Department of Biochemical Science, Humanitas University, Milan, Italy.
Department of Urology, Humanitas Clinical and Research Institute IRCCS, Rozzano, Milan, Italy.
J Robot Surg. 2024 Jul 3;18(1):277. doi: 10.1007/s11701-024-02026-1.
Several randomized control trials (RCTs) have been published comparing open (ORC) with robot-assisted radical cystectomy (RARC). However, uncertainty persists regarding this issue, as evidences and recommendations on RARC are still lacking. In this systematic review and metaanalysis, we summarized evidence in this context. A literature search was conducted according to PRISMA criteria, using PubMed/Medline, Web Of Science and Embase, up to March 2024. Only randomized controlled trials (RCTs) were selected. The primary endpoint was to investigate health-related quality of life (QoL) both at 3 and 6 months after surgery. Secondary endpoints include pathological and perioperative outcomes, postoperative complications and oncological outcomes. Furthermore, we conducted a cost evaluation based on the available evidence. Eight RCTs were included, encompassing 1024 patients (515 RARC versus 509 ORC). QoL appeared similar among the two groups both after 3 and 6 months. No significant differences in overall and major complications at 30 days (p = 0.11 and p > 0.9, respectively) and 90 days (p = 0.28 and p = 0.57, respectively) were observed, as well as in oncological, pathological and perioperative outcomes, excepting from operative time, which was longer in RARC (MD 92.34 min, 95% CI 83.83-100.84, p < 0.001) and transfusion rate, which was lower in RARC (OR 0.43, 95% CI 0.30-0.61, p < 0.001). Both ORC and RARC are viable options for bladder cancer, having comparable complication rates and oncological outcomes. RARC provides transfusion rate advantages, however, it has longer operative time and higher costs. QoL outcomes appear similar between the two groups, both after 3 and 6 months.

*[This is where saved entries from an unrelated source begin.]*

(* If the two-player two-action game is symmetric, i.e. its payoff table is: (action 1, action 1) gives $a/a$, (action 1, action 2) gives $b/c$, (action 2, action 1) gives $c/b$, (action 2, action 2) gives $d/d$ (first number the row player's payoff, second the column player's), then the unconstrained SA-IGA self-play dynamics $\dot x=F(x)$ on $x=(p_1,p_2,w_1,w_2)\in\mathbb{R}^4$ is linear, i.e. $F$ is an affine function of $(p_1,p_2,w_1,w_2)$.
   Context: Two players $i\in\{1,2\}$, each with actions $1,2$; $r_i^{jk}$ is the payoff of player $i$ when player $i$ plays action $j$ and its opponent $-i$ plays action $k$ (so for the symmetric game $r_i^{11}=a$, $r_i^{12}=b$, $r_i^{21}=c$, $r_i^{22}=d$ for both $i$). Player $i$'s mixed strategy is given by $p_i\in[0,1]$, its probability of playing action 1. The expected payoff of player $i$ is $V_i(p_1,p_2)=\sum_{j,k}\pi_i(j)\pi_{-i}(k)r_i^{jk}$ with $\pi_i(1)=p_i,\ \pi_i(2)=1-p_i$. The social payoff is $V^{soc}=\frac{1}{2}(V_1+V_2)$. Each player $i$ has a social attitude $w_i\in[0,1]$ and overall payoff $\tilde V_i=(1-w_i)V_i+w_iV^{soc}$. The unconstrained SA-IGA dynamics (both players using SA-IGA) is the system $\dot p_i=\frac{\partial \tilde V_i}{\partial p_i}$ (partial derivative with respect to the player's own $p_i$, all other variables fixed), $\dot w_i=\varepsilon\,(V_i-V^{soc})$, $i\in\{1,2\}$, where $\varepsilon>0$ is a constant. Write this as $\dot x=F(x)$ with $x=(p_1,p_2,w_1,w_2)$. *)

theory Defs
  imports "HOL-Analysis.Analysis"
begin

text \<open>Payoff table: r i j k is the payoff of player i (i in {1,2}) when it plays
  action j and its opponent plays action k (j, k in {1,2}).
  A mixed strategy p is the probability of playing action 1.\<close>

definition strat :: "real \<Rightarrow> nat \<Rightarrow> real" where
  "strat p j = (if j = 1 then p else 1 - p)"

definition V :: "(nat \<Rightarrow> nat \<Rightarrow> nat \<Rightarrow> real) \<Rightarrow> nat \<Rightarrow> real \<Rightarrow> real \<Rightarrow> real" where
  "V r i p1 p2 =
     (let pown = (if i = 1 then p1 else p2); popp = (if i = 1 then p2 else p1)
      in (\<Sum>j\<in>{1,2}. \<Sum>k\<in>{1,2}. strat pown j * strat popp k * r i j k))"

definition Vsoc :: "(nat \<Rightarrow> nat \<Rightarrow> nat \<Rightarrow> real) \<Rightarrow> real \<Rightarrow> real \<Rightarrow> real" where
  "Vsoc r p1 p2 = (V r 1 p1 p2 + V r 2 p1 p2) / 2"

definition Vtilde :: "(nat \<Rightarrow> nat \<Rightarrow> nat \<Rightarrow> real) \<Rightarrow> nat \<Rightarrow> real \<Rightarrow> real \<Rightarrow> real \<Rightarrow> real" where
  "Vtilde r i w p1 p2 = (1 - w) * V r i p1 p2 + w * Vsoc r p1 p2"

text \<open>Vector field F of the unconstrained SA-IGA dynamics on x = (p1,p2,w1,w2),
  components x$1 = p1, x$2 = p2, x$3 = w1, x$4 = w2.\<close>
definition saiga_F :: "(nat \<Rightarrow> nat \<Rightarrow> nat \<Rightarrow> real) \<Rightarrow> real \<Rightarrow> real^4 \<Rightarrow> real^4" where
  "saiga_F r \<epsilon> x = (\<chi> n.
     if n = 1 then deriv (\<lambda>q. Vtilde r 1 (x$3) q (x$2)) (x$1)
     else if n = 2 then deriv (\<lambda>q. Vtilde r 2 (x$4) (x$1) q) (x$2)
     else if n = 3 then \<epsilon> * (V r 1 (x$1) (x$2) - Vsoc r (x$1) (x$2))
     else \<epsilon> * (V r 2 (x$1) (x$2) - Vsoc r (x$1) (x$2)))"

end

theory Submission
  imports Defs
begin

text \<open>In a symmetric game each V_i is bilinear in (p1, p2), so its derivative in the player's
  own strategy is affine in the opponent's; the social attitude w enters Vtilde only through
  the product w (V_soc - V_i), whose p-derivative is constant because V_soc - V_i is affine
  in the own strategy.  Hence the p-components are affine in x.  The w-components are affine
  because V_1 - V_soc = (V_1 - V_2)/2 and the quadratic term p1 p2 cancels in V_1 - V_2.\<close>

definition symmetric_payoffs :: "(nat \<Rightarrow> nat \<Rightarrow> nat \<Rightarrow> real) \<Rightarrow> real \<Rightarrow> real \<Rightarrow> real \<Rightarrow> real \<Rightarrow> bool"
  where "symmetric_payoffs r a b c d \<longleftrightarrow>
    (\<forall>i\<in>{1, 2}. r i 1 1 = a \<and> r i 1 2 = b \<and> r i 2 1 = c \<and> r i 2 2 = d)"

lemma V_symmetric:
  assumes "symmetric_payoffs r a b c d"
  shows "V r 1 p q = p*q*a + p*(1-q)*b + (1-p)*q*c + (1-p)*(1-q)*d"
    and "V r 2 p q = q*p*a + q*(1-p)*b + (1-q)*p*c + (1-q)*(1-p)*d"
  using assms by (simp_all add: symmetric_payoffs_def V_def strat_def)

lemma Vtilde_1_has_derivative_own:
  assumes "symmetric_payoffs r a b c d"
  shows "((\<lambda>q. Vtilde r 1 w q p2) has_real_derivative
           (a - b - c + d) * p2 + (c - b) / 2 * w + (b - d)) (at p1)"
  unfolding Vtilde_def Vsoc_def V_symmetric[OF assms]
  by (rule derivative_eq_intros refl | simp)+ (simp add: field_simps)

lemma Vtilde_2_has_derivative_own:
  assumes "symmetric_payoffs r a b c d"
  shows "((\<lambda>q. Vtilde r 2 w p1 q) has_real_derivative
           (a - b - c + d) * p1 + (c - b) / 2 * w + (b - d)) (at p2)"
  unfolding Vtilde_def Vsoc_def V_symmetric[OF assms]
  by (rule derivative_eq_intros refl | simp)+ (simp add: field_simps)

lemma V_minus_Vsoc_symmetric:
  assumes "symmetric_payoffs r a b c d"
  shows "V r 1 p1 p2 - Vsoc r p1 p2 = (b - c) / 2 * (p1 - p2)"
    and "V r 2 p1 p2 - Vsoc r p1 p2 = (b - c) / 2 * (p2 - p1)"
  unfolding Vsoc_def V_symmetric[OF assms] by (simp_all add: field_simps)

lemma saiga_F_symmetric:
  assumes "symmetric_payoffs r a b c d"
  shows "saiga_F r \<epsilon> x = (\<chi> n.
     if n = 1 then (a - b - c + d) * x$2 + (c - b) / 2 * x$3 + (b - d)
     else if n = 2 then (a - b - c + d) * x$1 + (c - b) / 2 * x$4 + (b - d)
     else if n = 3 then \<epsilon> * ((b - c) / 2 * (x$1 - x$2))
     else \<epsilon> * ((b - c) / 2 * (x$2 - x$1)))"
  unfolding saiga_F_def V_minus_Vsoc_symmetric[OF assms]
    DERIV_imp_deriv[OF Vtilde_1_has_derivative_own[OF assms]]
    DERIV_imp_deriv[OF Vtilde_2_has_derivative_own[OF assms]]
  ..

theorem theorem2:
  fixes r :: "nat \<Rightarrow> nat \<Rightarrow> nat \<Rightarrow> real" and a b c d \<epsilon> :: real
  assumes eps: "\<epsilon> > 0"
    and sym: "\<And>i. i \<in> {1, 2} \<Longrightarrow>
      r i 1 1 = a \<and> r i 1 2 = b \<and> r i 2 1 = c \<and> r i 2 2 = d"
  shows "\<exists>L (v :: real^4). linear L \<and> (\<forall>x. saiga_F r \<epsilon> x = L x + v)"
proof -
  have sym_payoffs: "symmetric_payoffs r a b c d"
    using sym by (simp add: symmetric_payoffs_def)
  define L where "L = (\<lambda>x::real^4. \<chi> n::4.
     if n = 1 then (a - b - c + d) * x$2 + (c - b) / 2 * x$3
     else if n = 2 then (a - b - c + d) * x$1 + (c - b) / 2 * x$4
     else if n = 3 then \<epsilon> * ((b - c) / 2 * (x$1 - x$2))
     else \<epsilon> * ((b - c) / 2 * (x$2 - x$1)))"
  define v where "v = (\<chi> n::4. if n = 1 \<or> n = 2 then b - d else (0::real))"
  have "linear L"
    by (rule linearI) (auto simp: L_def vec_eq_iff field_simps)
  moreover have "saiga_F r \<epsilon> x = L x + v" for x
    by (simp add: saiga_F_symmetric[OF sym_payoffs] L_def v_def vec_eq_iff)
  ultimately show ?thesis by blast
qed

end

几项随机对照试验(RCT)已经发表,比较了开放性(ORC)与机器人辅助根治性膀胱切除术(RARC)。然而,由于关于 RARC 的证据和建议仍然缺乏,因此这个问题仍然存在不确定性。在这个系统评价和荟萃分析中,我们总结了这方面的证据。根据 PRISMA 标准,使用 PubMed/Medline、Web Of Science 和 Embase 进行文献检索,检索时间截至 2024 年 3 月。仅选择随机对照试验(RCT)。主要终点是调查手术 3 个月和 6 个月后与健康相关的生活质量(QoL)。次要终点包括病理和围手术期结果、术后并发症和肿瘤学结果。此外,我们根据现有证据进行了成本评估。纳入了 8 项 RCT,共纳入 1024 名患者(515 例 RARC 与 509 例 ORC)。两组患者在术后 3 个月和 6 个月时 QoL 相似。在术后 30 天(p=0.11 和 p>0.9)和 90 天(p=0.28 和 p=0.57)时,总体和主要并发症发生率无显著差异,在肿瘤学、病理学和围手术期结果方面也无显著差异,手术时间除外,RARC 组较长(MD 92.34 分钟,95%CI 83.83-100.84,p<0.001),输血率较低(OR 0.43,95%CI 0.30-0.61,p<0.001)。ORC 和 RARC 都是膀胱癌的可行选择,具有相似的并发症发生率和肿瘤学结果。RARC 具有输血率优势,但是手术时间较长,成本较高。两组患者术后 3 个月和 6 个月的 QoL 结果相似。